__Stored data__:

* * *

lemma affine_expr_cmult:
  assumes "affine_expr V e"
  shows "affine_expr V (\<lambda>v. a * e v)"
proof -
  obtain b c where "\<forall>v. e v = (\<Sum>k\<in>V. b k * v k) + c"
    using assms unfolding affine_expr_def by blast
  then show ?thesis unfolding affine_expr_def
    by (intro exI[of _ "\<lambda>k. a * b k"] exI[of _ "a * c"])
       (simp add: distrib_left sum_distrib_left mult.assoc)
qed

lemma affine_expr_mult_const: "affine_expr V e \<Longrightarrow> affine_expr V (\<lambda>v. e v * a)"
  using affine_expr_cmult[of V e a] by (simp add: mult.commute)

lemma affine_expr_minus: "affine_expr V e \<Longrightarrow> affine_expr V (\<lambda>v. - e v)"
  using affine_expr_cmult[of V e "-1"] by simp

lemma affine_expr_diff:
  "affine_expr V e1 \<Longrightarrow> affine_expr V e2 \<Longrightarrow> affine_expr V (\<lambda>v. e1 v - e2 v)"
  using affine_expr_add[of V e1 "\<lambda>v. - e2 v"] affine_expr_minus[of V e2] by simp

lemma affine_expr_sum:
  "finite I \<Longrightarrow> (\<And>i. i \<in> I \<Longrightarrow> affine_expr V (e i)) \<Longrightarrow> affine_expr V (\<lambda>v. \<Sum>i\<in>I. e i v)"
  by (induction I rule: finite_induct) (simp_all add: affine_expr_const affine_expr_add)

lemma affine_expr_coeffs:
  assumes "\<forall>r\<in>R. affine_expr V (e r)"
  obtains a c where "\<forall>r\<in>R. \<forall>v. e r v = (\<Sum>k\<in>V. a r k * v k) + c r"
proof -
  have "\<forall>r\<in>R. \<exists>ac. \<forall>v. e r v = (\<Sum>k\<in>V. fst ac k * v k) + snd ac"
    using assms unfolding affine_expr_def by auto
  then obtain ac where "\<forall>r\<in>R. \<forall>v. e r v = (\<Sum>k\<in>V. fst (ac r) k * v k) + snd (ac r)"
    by (metis bchoice)
  then show ?thesis by (intro that[of "\<lambda>r. fst (ac r)" "\<lambda>r. snd (ac r)"])
qed

definition affine_vec :: "'v set \<Rightarrow> (('v \<Rightarrow> real) \<Rightarrow> real^'n) \<Rightarrow> bool" where
  "affine_vec V e \<longleftrightarrow> (\<forall>i. affine_expr V (\<lambda>v. e v $ i))"
lemma snd_sig_norm: "snd (sig_norm A) i j = (if i < j \<and> j < fst A then snd A i j else 0)"
  by (simp add: sig_norm_def)

lemma sig_norm_eqI:
  assumes "n = n'" "\<And>i j. i < j \<Longrightarrow> j < n \<Longrightarrow> f i j = g i j"
  shows "sig_norm (n, f) = sig_norm (n', g)"
  using assms by (auto simp: sig_norm_def fun_eq_iff)

lemma sig_norm_idem [simp]: "sig_norm (sig_norm A) = sig_norm A"
  by (auto simp: sig_norm_def fun_eq_iff)

lemma sig_norm_empty: "fst A = 0 \<Longrightarrow> sig_norm A = sig_zero"
  by (simp add: sig_norm_def sig_zero_def)

subsection \<open>Inflation steps as embeddings\<close>

text \<open>The base of an inflation of T at m, labelled: Inl p is the old element p and Inr i the new
  copy i^m.\<close>

fun infl_point :: "sig \<Rightarrow> nat \<Rightarrow> nat + nat \<Rightarrow> bool" where
  "infl_point T m (Inl p) \<longleftrightarrow> p < fst T"
| "infl_point T m (Inr i) \<longleftrightarrow> i < m \<and> 0 < snd T i m"

fun infl_less :: "nat \<Rightarrow> nat + nat \<Rightarrow> nat + nat \<Rightarrow> bool" where
  "infl_less m (Inl p) (Inl q) \<longleftrightarrow> p < q"
| "infl_less m (Inr i) (Inr j) \<longleftrightarrow> i < j"
| "infl_less m (Inl p) (Inr j) \<longleftrightarrow> p < m"
| "infl_less m (Inr i) (Inl q) \<longleftrightarrow> m \<le> q"

definition infl_embedding :: "sig \<Rightarrow> nat \<Rightarrow> nat \<Rightarrow> (nat \<Rightarrow> nat + nat) \<Rightarrow> bool" where
  "infl_embedding T m k e \<longleftrightarrow> (\<forall>a<k. infl_point T m (e a))
     \<and> (\<forall>a b. a < b \<longrightarrow> b < k \<longrightarrow> infl_less m (e a) (e b))"

definition infl_pos :: "sig \<Rightarrow> nat \<Rightarrow> nat + nat \<Rightarrow> nat" where
  "infl_pos T m x = (case x of
      Inl p \<Rightarrow> if p < m then p else p + length (infl_new T m)
    | Inr i \<Rightarrow> m + length (filter (\<lambda>i'. 0 < snd T i' m) [0..<i]))"

lemma length_filter_upt_less:
  assumes "i < j" "P i"
  shows "length (filter P [0..<i]) < length (filter P [0..<j])"
  using assms by (induction j) (auto simp: less_Suc_eq)

lemma nth_filter_upt_length:
  assumes "i < m" "P i"
  shows "filter P [0..<m] ! length (filter P [0..<i]) = i"
proof -
  have "[0..<m] = [0..<i] @ i # [Suc i..<m]"
    using assms upt_add_eq_append[of 0 i "m - i"] upt_conv_Cons by simp
  then show ?thesis using assms by (simp add: nth_append)
qed

lemma fst_inflate: "fst (inflate T m) = fst T + length (infl_new T m)"
  by (simp add: inflate_def)

lemma snd_inflate:
  "p < q \<Longrightarrow> q < fst (inflate T m) \<Longrightarrow>
     snd (inflate T m) p q = infl_val T m (infl_elt T m p) (infl_elt T m q)"
  by (simp add: inflate_def snd_sig_norm)

lemma length_filter_less_infl_new:
  assumes "infl_point T m (Inr i)"
  shows "length (filter (\<lambda>i'. 0 < snd T i' m) [0..<i]) < length (infl_new T m)"
  using assms length_filter_upt_less[of i m] by (simp add: infl_new_def)

lemma infl_elt_pos:
  assumes "infl_point T m x"
  shows "infl_elt T m (infl_pos T m x) = x"
proof (cases x)
  case (Inr i)
  with assms nth_filter_upt_length[of i m] length_filter_less_infl_new[of T m i] show ?thesis
    by (auto simp: infl_pos_def infl_elt_def infl_new_def Let_def)
qed (auto simp: infl_pos_def infl_elt_def Let_def)

lemma infl_pos_less_fst:
  assumes "m < fst T" "infl_point T m x"
  shows "infl_pos T m x < fst (inflate T m)"
proof (cases x)
  case (Inr i)
  then show ?thesis using assms length_filter_less_infl_new[of T m i] by (simp add: infl_pos_def fst_inflate)
qed (use assms in \<open>auto simp: infl_pos_def fst_inflate\<close>)

lemma infl_pos_strict_mono:
  assumes "infl_point T m x" "infl_point T m y" "infl_less m x y"
  shows "infl_pos T m x < infl_pos T m y"
proof (cases x)
  case (Inr i)
  then have "m + length (filter (\<lambda>i'. 0 < snd T i' m) [0..<i]) < m + length (infl_new T m)"
    using assms length_filter_less_infl_new[of T m i] by simp
  then show ?thesis using assms Inr length_filter_upt_less[of i _ "\<lambda>i'. 0 < snd T i' m"]
    by (cases y) (auto simp: infl_pos_def)
qed (use assms in \<open>cases y; auto simp: infl_pos_def\<close>)

lemma infl_elt_point:
  assumes "m < fst T" "p < fst (inflate T m)"
  shows "infl_point T m (infl_elt T m p)"
proof -
  have "infl_new T m ! (p - m) \<in> set (infl_new T m)" if "p - m < length (infl_new T m)"
    using that by simp
  then show ?thesis using assms
    by (auto simp: infl_elt_def Let_def fst_inflate infl_new_def)
qed

lemma infl_elt_less:
  assumes "p < q" "q < fst (inflate T m)"
  shows "infl_less m (infl_elt T m p) (infl_elt T m q)"
proof -
  have "sorted_wrt (<) (infl_new T m)"
    by (simp add: infl_new_def sorted_wrt_filter)
  then have "infl_new T m ! (p - m) < infl_new T m ! (q - m)"
    if "m \<le> p" "q < m + length (infl_new T m)"
    using that assms sorted_wrt_nth_less[of "(<)" "infl_new T m" "p - m" "q - m"] by simp
  then show ?thesis using assms
    by (auto simp: infl_elt_def Let_def fst_inflate)
qed
(* Let $\mathbf A$ and $\mathbf B$ be algebras on the same underlying set $A$ such that some ternary operation $q$ is a Mal'cev term operation of both, and let $n\ge1$ and $\alpha_0,\dots,\alpha_{n-1}$ be equivalence relations on $A$ that are congruences of both $\mathbf A$ and $\mathbf B$. Then $[\alpha_i\mid i\in I]_{\mathbf A}=[\alpha_i\mid i\in I]_{\mathbf B}$ for all nonempty $I\subseteq\{0,\dots,n-1\}$ if and only if $\Delta_{\mathbf A}(\alpha_0,\dots,\alpha_{n-1})=\Delta_{\mathbf B}(\alpha_0,\dots,\alpha_{n-1})$.
   Context: A Mal'cev term operation is a ternary term operation $q$ with $q(x,x,y)=y=q(y,x,x)$. $[\cdots]_{\mathbf X}$ denotes the commutator computed in the algebra $\mathbf X$, and $[\alpha_i\mid i\in I]$ means $[\alpha_{i_0},\dots,\alpha_{i_{k-1}}]$ where $I=\{i_0<\dots<i_{k-1}\}$. Higher commutator (Bulatov): in an algebra $\mathbf X$, for congruences $\beta_0,\dots,\beta_{m-1},\gamma$, say $\beta_0,\dots,\beta_{m-2}$ centralize $\beta_{m-1}$ modulo $\gamma$ if for all tuples $\mathbf a_i,\mathbf b_i$ ($i<m$, with $\mathbf a_i\neq\mathbf b_i$ congruent modulo $\beta_i$ coordinatewise) and every term operation $t$ of $\mathbf X$ such that $t(\mathbf x_0,\dots,\mathbf x_{m-2},\mathbf a_{m-1})\equiv_\gamma t(\mathbf x_0,\dots,\mathbf x_{m-2},\mathbf b_{m-1})$ for all $(\mathbf x_0,\dots,\mathbf x_{m-2})\in(\{\mathbf a_0,\mathbf b_0\}\times\dots\times\{\mathbf a_{m-2},\mathbf b_{m-2}\})\setminus\{(\mathbf b_0,\dots,\mathbf b_{m-2})\}$, we have $t(\mathbf b_0,\dots,\mathbf b_{m-2},\mathbf a_{m-1})\equiv_\gamma t(\mathbf b_0,\dots,\mathbf b_{m-2},\mathbf b_{m-1})$. $[\beta_0,\dots,\beta_{m-1}]_{\mathbf X}$ is the smallest such $\gamma$. For $k\ge0$, $k_{(i)}$ is the $i$-th binary digit of $k$ (least significant is $i=0$). For $a,b\in A$ and $i<n$, $\mathbf c_i^n(a,b)\in A^{2^n}$ has $k$-th coordinate $a$ if $k_{(i)}=0$ and $b$ if $k_{(i)}=1$. $\Delta_{\mathbf X}(\alpha_0,\dots,\alpha_{n-1})$ is the subuniverse of $\mathbf X^{2^n}$ generated by $\{\mathbf c_i^n(a,b): i<n,\ (a,b)\in\alpha_i\}$. *)

theory Defs
  imports Main
begin

text \<open>An algebra is given by its underlying set A and a set F of fundamental
operations; each operation is a pair (n, f) with arity n, where f is applied to
argument lists of length n.\<close>

type_synonym 'a ops = "(nat \<times> ('a list \<Rightarrow> 'a)) set"

definition is_algebra :: "'a set \<Rightarrow> 'a ops \<Rightarrow> bool" where
  "is_algebra A F \<longleftrightarrow> A \<noteq> {} \<and>
     (\<forall>(n, f) \<in> F. \<forall>xs. length xs = n \<and> set xs \<subseteq> A \<longrightarrow> f xs \<in> A)"

inductive_set termops :: "'a ops \<Rightarrow> nat \<Rightarrow> ('a list \<Rightarrow> 'a) set"
  for F :: "'a ops" and k :: nat where
  proj: "i < k \<Longrightarrow> (\<lambda>xs. xs ! i) \<in> termops F k"
| comp: "(n, f) \<in> F \<Longrightarrow> length gs = n \<Longrightarrow> (\<forall>g \<in> set gs. g \<in> termops F k)
          \<Longrightarrow> (\<lambda>xs. f (map (\<lambda>g. g xs) gs)) \<in> termops F k"

definition is_term_op :: "'a set \<Rightarrow> 'a ops \<Rightarrow> nat \<Rightarrow> ('a list \<Rightarrow> 'a) \<Rightarrow> bool" where
  "is_term_op A F k q \<longleftrightarrow>
     (\<exists>t \<in> termops F k. \<forall>xs. length xs = k \<and> set xs \<subseteq> A \<longrightarrow> t xs = q xs)"

definition is_malcev :: "'a set \<Rightarrow> 'a ops \<Rightarrow> ('a list \<Rightarrow> 'a) \<Rightarrow> bool" where
  "is_malcev A F q \<longleftrightarrow> is_term_op A F 3 q \<and>
     (\<forall>x \<in> A. \<forall>y \<in> A. q [x, x, y] = y \<and> q [y, x, x] = y)"

definition congruence :: "'a set \<Rightarrow> 'a ops \<Rightarrow> ('a \<times> 'a) set \<Rightarrow> bool" where
  "congruence A F \<alpha> \<longleftrightarrow> equiv A \<alpha> \<and>
     (\<forall>(n, f) \<in> F. \<forall>xs ys. length xs = n \<and> length ys = n \<and>
        list_all2 (\<lambda>x y. (x, y) \<in> \<alpha>) xs ys \<longrightarrow> (f xs, f ys) \<in> \<alpha>)"

text \<open>Bulatov's centrality condition: \<beta>_0,...,\<beta>_{m-2} centralize \<beta>_{m-1} modulo \<gamma>,
where \<beta>s = [\<beta>_0,...,\<beta>_{m-1}]. The tuples a_i, b_i are the lists as!i, bs!i;
the term operation t takes the concatenation of its m argument tuples.\<close>

definition pick :: "nat \<Rightarrow> (nat \<Rightarrow> bool) \<Rightarrow> 'a list list \<Rightarrow> 'a list list \<Rightarrow> 'a list list" where
  "pick l e as bs = map (\<lambda>i. if e i then bs ! i else as ! i) [0..<l]"

definition centralizes :: "'a set \<Rightarrow> 'a ops \<Rightarrow> ('a \<times> 'a) set list \<Rightarrow> ('a \<times> 'a) set \<Rightarrow> bool" where
  "centralizes A F \<beta>s \<gamma> \<longleftrightarrow>
     (\<forall>as bs t. length as = length \<beta>s \<and> length bs = length \<beta>s \<and>
        (\<forall>i < length \<beta>s. length (as ! i) = length (bs ! i) \<and> as ! i \<noteq> bs ! i \<and>
            list_all2 (\<lambda>x y. (x, y) \<in> \<beta>s ! i) (as ! i) (bs ! i)) \<and>
        t \<in> termops F (length (concat as)) \<and>
        (\<forall>e. (\<exists>i < length \<beta>s - 1. \<not> e i) \<longrightarrow>
            (t (concat (pick (length \<beta>s - 1) e as bs @ [as ! (length \<beta>s - 1)])),
             t (concat (pick (length \<beta>s - 1) e as bs @ [bs ! (length \<beta>s - 1)]))) \<in> \<gamma>)
      \<longrightarrow> (t (concat (take (length \<beta>s - 1) bs @ [as ! (length \<beta>s - 1)])),
           t (concat bs)) \<in> \<gamma>)"

definition commutator :: "'a set \<Rightarrow> 'a ops \<Rightarrow> ('a \<times> 'a) set list \<Rightarrow> ('a \<times> 'a) set" where
  "commutator A F \<beta>s = \<Inter> {\<gamma>. congruence A F \<gamma> \<and> centralizes A F \<beta>s \<gamma>}"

* * *

Reproduce the lines of the entries above from the one with "A \<alpha> \<and>" to the one with "list \<Rightarrow> ('a \<times> 'a) set \<Rightarrow>", both included, exactly and without any other line.

  "congruence A F \<alpha> \<longleftrightarrow> equiv A \<alpha> \<and>
     (\<forall>(n, f) \<in> F. \<forall>xs ys. length xs = n \<and> length ys = n \<and>
        list_all2 (\<lambda>x y. (x, y) \<in> \<alpha>) xs ys \<longrightarrow> (f xs, f ys) \<in> \<alpha>)"

text \<open>Bulatov's centrality condition: \<beta>_0,...,\<beta>_{m-2} centralize \<beta>_{m-1} modulo \<gamma>,
where \<beta>s = [\<beta>_0,...,\<beta>_{m-1}]. The tuples a_i, b_i are the lists as!i, bs!i;
the term operation t takes the concatenation of its m argument tuples.\<close>

definition pick :: "nat \<Rightarrow> (nat \<Rightarrow> bool) \<Rightarrow> 'a list list \<Rightarrow> 'a list list \<Rightarrow> 'a list list" where
  "pick l e as bs = map (\<lambda>i. if e i then bs ! i else as ! i) [0..<l]"

definition centralizes :: "'a set \<Rightarrow> 'a ops \<Rightarrow> ('a \<times> 'a) set list \<Rightarrow> ('a \<times> 'a) set \<Rightarrow> bool" where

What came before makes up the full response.